Maybe they were just happy that I wasn't in a gang and hooked on drugs, or perhaps I got lucky.
But I know, and have witnessed, many families who are much more combustible when it comes to church attendance.
So... Should a teen lie to their parents about attending church? Should they say they are going to "hang at a friends house" when they are actually going to youth group?
I've had arguments about this topic before and understand that this is an issue with a LOT of grey.
But the first part of my response is easy. Don't lie. If you deceive your folks and they find out, you're busted and actually hurt both your chances to attend church in the future and the witness you will have before your parents.
My second response is more controversial. If parents,who are loving and should be looking out for what they feel is best for their kids, will not allow their child to attend church, then they shouldn't go.
I believe that this falls under the "honour your parents" guidelines which believers are instructed to follow.
As a youth minister, that answer can suck to hear. You want kids turning up, having fun and learning more about following God.
But, if we genuinely believe that parents are not the enemy, then (on this point) I think it is worth conceding.
I say this for a few reasons.
First, the discussion is worth having much, much more then maintaining an ongoing deception. If you are honest then you can find out why they are having reservations. Do they think Christians are all crazy brain washers? Do they have something from their past they is affecting their judgement? Are they just wary of new people taking an interest in their kid?
Once you are aware of their mindset then you open the possibility of moving productively forward. If it would help, they can have a chat to the youth leaders.

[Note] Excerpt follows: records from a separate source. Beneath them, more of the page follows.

lemma induced_connected_obtain_induced_path:
  assumes "simple_graph E" and "induced_connected E S" and "s \<in> S" "t \<in> S"
  obtains T where "T \<subseteq> S" "s \<in> T" "t \<in> T" "induced_path E T"
proof -
  define R where "R = (\<lambda>a b. E a b \<and> a \<in> S \<and> b \<in> S)"
  have "R\<^sup>*\<^sup>* s t" using assms(2-4) unfolding induced_connected_def R_def[symmetric] by blast
  then have "\<exists>n. (R ^^ n) s t" by (rule rtranclp_imp_relpowp)
  then obtain n where "(R ^^ n) s t" and shortest: "\<forall>m<n. \<not> (R ^^ m) s t"
    unfolding exists_least_iff[of "\<lambda>n. (R ^^ n) s t"] by blast
  then obtain f where f0: "f 0 = s" and fn: "f n = t" and walk: "\<forall>k<n. R (f k) (f (Suc k))"
    unfolding relpowp_fun_conv by blast
  have "simple_graph R" using assms(1) unfolding simple_graph_def R_def by blast
  then have "induced_path R (f ` {0..n})"
    using shortest_walk_induced_path walk shortest f0 fn by blast
  moreover have sub: "f ` {0..n} \<subseteq> S"
  proof
    fix x assume "x \<in> f ` {0..n}"
    then obtain k where "k \<le> n" "x = f k" by auto
    then show "x \<in> S" using walk fn assms(4) unfolding R_def by (cases "k < n") auto
  qed
  ultimately have "induced_path E (f ` {0..n})"
    using induced_path_cong[of "f ` {0..n}" R E] unfolding R_def by blast
  then show thesis using that sub f0 fn by force
qed

lemma induced_connected_obtain_small_connected:
  assumes "simple_graph E" and "\<forall>M. induced_path E M \<longrightarrow> card M \<le> m"
    and "induced_connected E S" and "s \<in> S" "t \<in> S"
  obtains T where "T \<subseteq> S" "s \<in> T" "t \<in> T" "card T \<le> m" "induced_connected E T"
proof -
  obtain T where T: "T \<subseteq> S" "s \<in> T" "t \<in> T" and path: "induced_path E T"
    using induced_connected_obtain_induced_path[OF assms(1,3-5)] .
  have "card T \<le> m" using assms(2) path by blast
  moreover have "induced_connected E T" using path by (rule induced_path_imp_induced_connected)
  ultimately show thesis using that T by blast
qed

section \<open>Normal fans of Minkowski sums of simplices\<close>

definition maximizers :: "'n set \<Rightarrow> real^'n \<Rightarrow> 'n set" where
  "maximizers T u = {s\<in>T. \<forall>t\<in>T. u$t \<le> u$s}"

definition max_coord :: "'n set \<Rightarrow> real^'n \<Rightarrow> real" where
  "max_coord T u = Max ((\<lambda>s. u$s) ` T)"

definition max_face :: "(real^'n) set \<Rightarrow> real^'n \<Rightarrow> (real^'n) set" where
  "max_face P u = {x\<in>P. \<forall>y\<in>P. u \<bullet> y \<le> u \<bullet> x}"

lemma coord_le_max_coord: "t \<in> T \<Longrightarrow> u$t \<le> max_coord T u"
  unfolding max_coord_def by (rule Max_ge) auto

lemma max_coord_attained:
  assumes "T \<noteq> {}"
  obtains s where "s \<in> T" "u$s = max_coord T u"
proof -
  have "Max ((\<lambda>s. u$s) ` T) \<in> (\<lambda>s. u$s) ` T" by (rule Max_in) (use assms in auto)
  then show thesis using that unfolding max_coord_def by auto
qed

lemma maximizers_iff:
  assumes "T \<noteq> {}"
  shows "s \<in> maximizers T u \<longleftrightarrow> s \<in> T \<and> u$s = max_coord T u"
proof
  assume s: "s \<in> maximizers T u"
  obtain s0 where "s0 \<in> T" "u$s0 = max_coord T u" using max_coord_attained[OF assms] .
  then have "u$s = max_coord T u"
    using s coord_le_max_coord[of s T u] unfolding maximizers_def by force
  then show "s \<in> T \<and> u$s = max_coord T u" using s unfolding maximizers_def by blast
next
  assume "s \<in> T \<and> u$s = max_coord T u"
  then show "s \<in> maximizers T u" unfolding maximizers_def using coord_le_max_coord by auto
qed

lemma maximizers_nonempty:
  assumes "T \<noteq> {}"
  shows "maximizers T u \<noteq> {}"
proof -
  obtain s where "s \<in> T" "u$s = max_coord T u" using max_coord_attained[OF assms] .
  then have "s \<in> maximizers T u" using maximizers_iff[OF assms] by blast
  then show ?thesis by blast
qed

lemma maximizer_choice:
  assumes "\<forall>T\<in>F. T \<noteq> {}"
  obtains g where "\<forall>T\<in>F. g T \<in> maximizers T u"
proof -
  have "\<forall>T\<in>F. \<exists>s. s \<in> maximizers T u" using assms maximizers_nonempty by blast
  from bchoice[OF this] obtain g where "\<forall>T\<in>F. g T \<in> maximizers T u" by blast
  then show thesis by (rule that)
qed

lemma axis_in_simplex_of: "s \<in> T \<Longrightarrow> axis s 1 \<in> simplex_of T"
  unfolding simplex_of_def by (rule hull_inc) auto

lemma inner_le_max_coord:
  assumes "y \<in> simplex_of T"
  shows "u \<bullet> y \<le> max_coord T u"
proof -
  have "simplex_of T \<subseteq> {y. u \<bullet> y \<le> max_coord T u}"
    unfolding simplex_of_def using coord_le_max_coord
    by (intro hull_minimal) (auto simp: convex_halfspace_le inner_axis)
  then show ?thesis using assms by auto
qed

text \<open>The u-maximal part of a simplex is the face spanned by the u-maximal vertices.\<close>
lemma inner_eq_max_coord_mono:
  assumes "T \<noteq> {}" and y: "y \<in> simplex_of T" "u \<bullet> y = max_coord T u"
    and sub: "maximizers T u \<subseteq> maximizers T v"
  shows "v \<bullet> y = max_coord T v"
proof -
  let ?V = "(\<lambda>s. axis s 1) ` T"
  let ?F = "simplex_of T \<inter> {y. u \<bullet> y = max_coord T u}"
  have "?F face_of convex hull ?V"
    unfolding simplex_of_def using inner_le_max_coord
    by (intro face_of_Int_supporting_hyperplane_le convex_convex_hull) (auto simp: simplex_of_def)
  moreover have "compact ?V" by (intro finite_imp_compact) simp
  ultimately obtain W where W: "W \<subseteq> ?V" "?F = convex hull W"
    using face_of_convex_hull_subset by blast
  have "W \<subseteq> {y. v \<bullet> y = max_coord T v}"
  proof
    fix w assume "w \<in> W"
    then obtain s where s: "s \<in> T" "w = axis s 1" and "w \<in> ?F"
      using W by (auto simp: hull_inc)
    then have "s \<in> maximizers T u" using maximizers_iff[OF assms(1)] by (simp add: inner_axis)
    then show "w \<in> {y. v \<bullet> y = max_coord T v}"
      using sub maximizers_iff[OF assms(1)] s by (auto simp: inner_axis)
  qed
  then have "convex hull W \<subseteq> {y. v \<bullet> y = max_coord T v}"
    by (intro hull_minimal) (auto simp: convex_hyperplane)
  moreover have "y \<in> ?F" using y by simp
  ultimately show ?thesis using W(2) by blast
qed

lemma inner_le_sum_max_coord:
  assumes "x \<in> minkowski_sum F simplex_of"
  shows "u \<bullet> x \<le> (\<Sum>T\<in>F. max_coord T u)"
proof -
  obtain p where p: "\<forall>T\<in>F. p T \<in> simplex_of T" "x = (\<Sum>T\<in>F. p T)"
    using assms unfolding minkowski_sum_def by auto
  have "u \<bullet> x = (\<Sum>T\<in>F. u \<bullet> p T)" using p(2) by (simp add: inner_sum_right)
  also have "\<dots> \<le> (\<Sum>T\<in>F. max_coord T u)"
    using p(1) by (intro sum_mono inner_le_max_coord) auto
  finally show ?thesis .
qed

lemma sum_axis_in_minkowski_sum:
  "\<forall>T\<in>F. g T \<in> T \<Longrightarrow> (\<Sum>T\<in>F. axis (g T) 1) \<in> minkowski_sum F simplex_of"
  unfolding minkowski_sum_def by (auto intro!: exI[of _ "\<lambda>T. axis (g T) 1"] axis_in_simplex_of)

lemma inner_sum_axis_maximizers:
  assumes "\<forall>T\<in>F. T \<noteq> {}" "\<forall>T\<in>F. g T \<in> maximizers T u"
  shows "u \<bullet> (\<Sum>T\<in>F. axis (g T) 1) = (\<Sum>T\<in>F. max_coord T u)"
  unfolding inner_sum_right
proof (intro sum.cong refl)
  fix T assume "T \<in> F"
  then show "u \<bullet> axis (g T) 1 = max_coord T u"
    using assms maximizers_iff[of T "g T" u] by (simp add: inner_axis)
qed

Second, there are plenty of other options aside from church in helping you grow in your faith. Go to the lunchtime group at school. Engage with the scripture lessons. Read your bible and pray alone or in a small group.
If you're not allowed to go to a weekly event, then perhaps you can negotiate a reasonable middle ground. Only go to youth group or the bigger events which are put on. Aim to attend camp, in place of the weekly meeting.

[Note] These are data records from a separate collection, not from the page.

lemma affine_combination_preserves_Gtempl:
  fixes w :: "'f \<Rightarrow> int"
  assumes R: "R \<in> gsig n" and len: "length bs = length (gar R)"
    and sum_w: "(\<Sum>f\<in>S. w f) mod int n = 1 mod int n"
    and rel: "\<forall>f\<in>S. map (\<lambda>i. (bs ! i) f) [0..<length bs] \<in> srel (Gtempl n) R"
  shows "map (\<lambda>i. (\<Sum>f\<in>S. w f * (bs ! i) f) mod int n) [0..<length bs] \<in> srel (Gtempl n) R"
proof (cases R)
  case GAdd
  then obtain b0 b1 b2 where bs: "bs = [b0, b1, b2]"
    using len by (auto simp: numeral_3_eq_3 length_Suc_conv)
  have "b2 f = (b0 f + b1 f) mod int n" if "f \<in> S" for f
    using rel that by (auto simp: bs GAdd upt_3 gadd_def)
  then have "(\<Sum>f\<in>S. w f * b2 f) mod int n = (\<Sum>f\<in>S. w f * ((b0 f + b1 f) mod int n)) mod int n"
    by (simp cong: sum.cong)
  also have "\<dots> = (\<Sum>f\<in>S. w f * (b0 f + b1 f)) mod int n"
    by (rule sum_mult_mod_eq)
  also have "\<dots> = gadd n ((\<Sum>f\<in>S. w f * b0 f) mod int n) ((\<Sum>f\<in>S. w f * b1 f) mod int n)"
    by (simp add: gadd_def distrib_left sum.distrib mod_add_eq)
  finally show ?thesis by (simp add: bs GAdd upt_3 mod_in_gcar)
next
  case (GConst c)
  then obtain b0 where bs: "bs = [b0]" using len by (auto simp: length_Suc_conv)
  have c: "c \<in> gcar n" using R GConst by (auto simp: gsig_def)
  have "b0 f = c" if "f \<in> S" for f
    using rel that by (auto simp: bs GConst)
  then have "(\<Sum>f\<in>S. w f * b0 f) mod int n = (c * ((\<Sum>f\<in>S. w f) mod int n)) mod int n"
    by (simp add: sum_distrib_left mult.commute mod_mult_right_eq cong: sum.cong)
  also have "\<dots> = c"
    using sum_w mod_gcar_eq[OF c] by (metis mod_mult_right_eq mult.right_neutral)
  finally show ?thesis by (simp add: bs GConst)
qed

lemma sym_rtrancl_invariant:
  assumes "\<And>p q. (p, q) \<in> R \<Longrightarrow> \<phi> p = \<phi> q" and "(p, q) \<in> (R \<union> R\<inverse>)\<^sup>*"
  shows "\<phi> p = \<phi> q"
  using assms(2) by induction (auto dest: assms(1))

lemma sym_rtrancl_Image_eq:
  "(p, q) \<in> (R \<union> R\<inverse>)\<^sup>* \<Longrightarrow> (R \<union> R\<inverse>)\<^sup>* `` {p} = (R \<union> R\<inverse>)\<^sup>* `` {q}"
  using sym_rtrancl[OF sym_Un_converse, of R]
  by (auto intro: rtrancl_trans dest: symD)

lemma keq_refl: "p \<in> keq ar X A k B `` {p}"
  by (simp add: keq_def)

lemma srel_kappa_iff:
  "xs \<in> srel (kappa ar X A k arB B) R \<longleftrightarrow>
     (\<exists>K bs. xs = map (\<lambda>i. keq ar X A k B `` {(K, arB R ! i, bs ! i)}) [0..<length (arB R)] \<and>
        K \<in> subsets_k X k \<and> length bs = length (arB R) \<and>
        (\<forall>i < length bs. bs ! i \<in> final_fam ar X A k K \<rightarrow>\<^sub>E sdom B (arB R ! i)) \<and>
        (\<forall>f \<in> final_fam ar X A k K. map (\<lambda>i. (bs ! i) f) [0..<length bs] \<in> srel B R))"
  by (simp add: kappa_def)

Either way, aim to live out your faith within your home regardless of their decision. Respect their decision.
Ultimately, one of the people you are trying to reach with your faith are your parents. It would be an incredible shame if the way you behave as a teenager sours your witness for decades to come.
As you get older, and your parents see you living out a Christian lifestyle, your parents might soften their stance (you can gently bring it again in six months) or, once you are able to transport yourself, you can take yourself to church.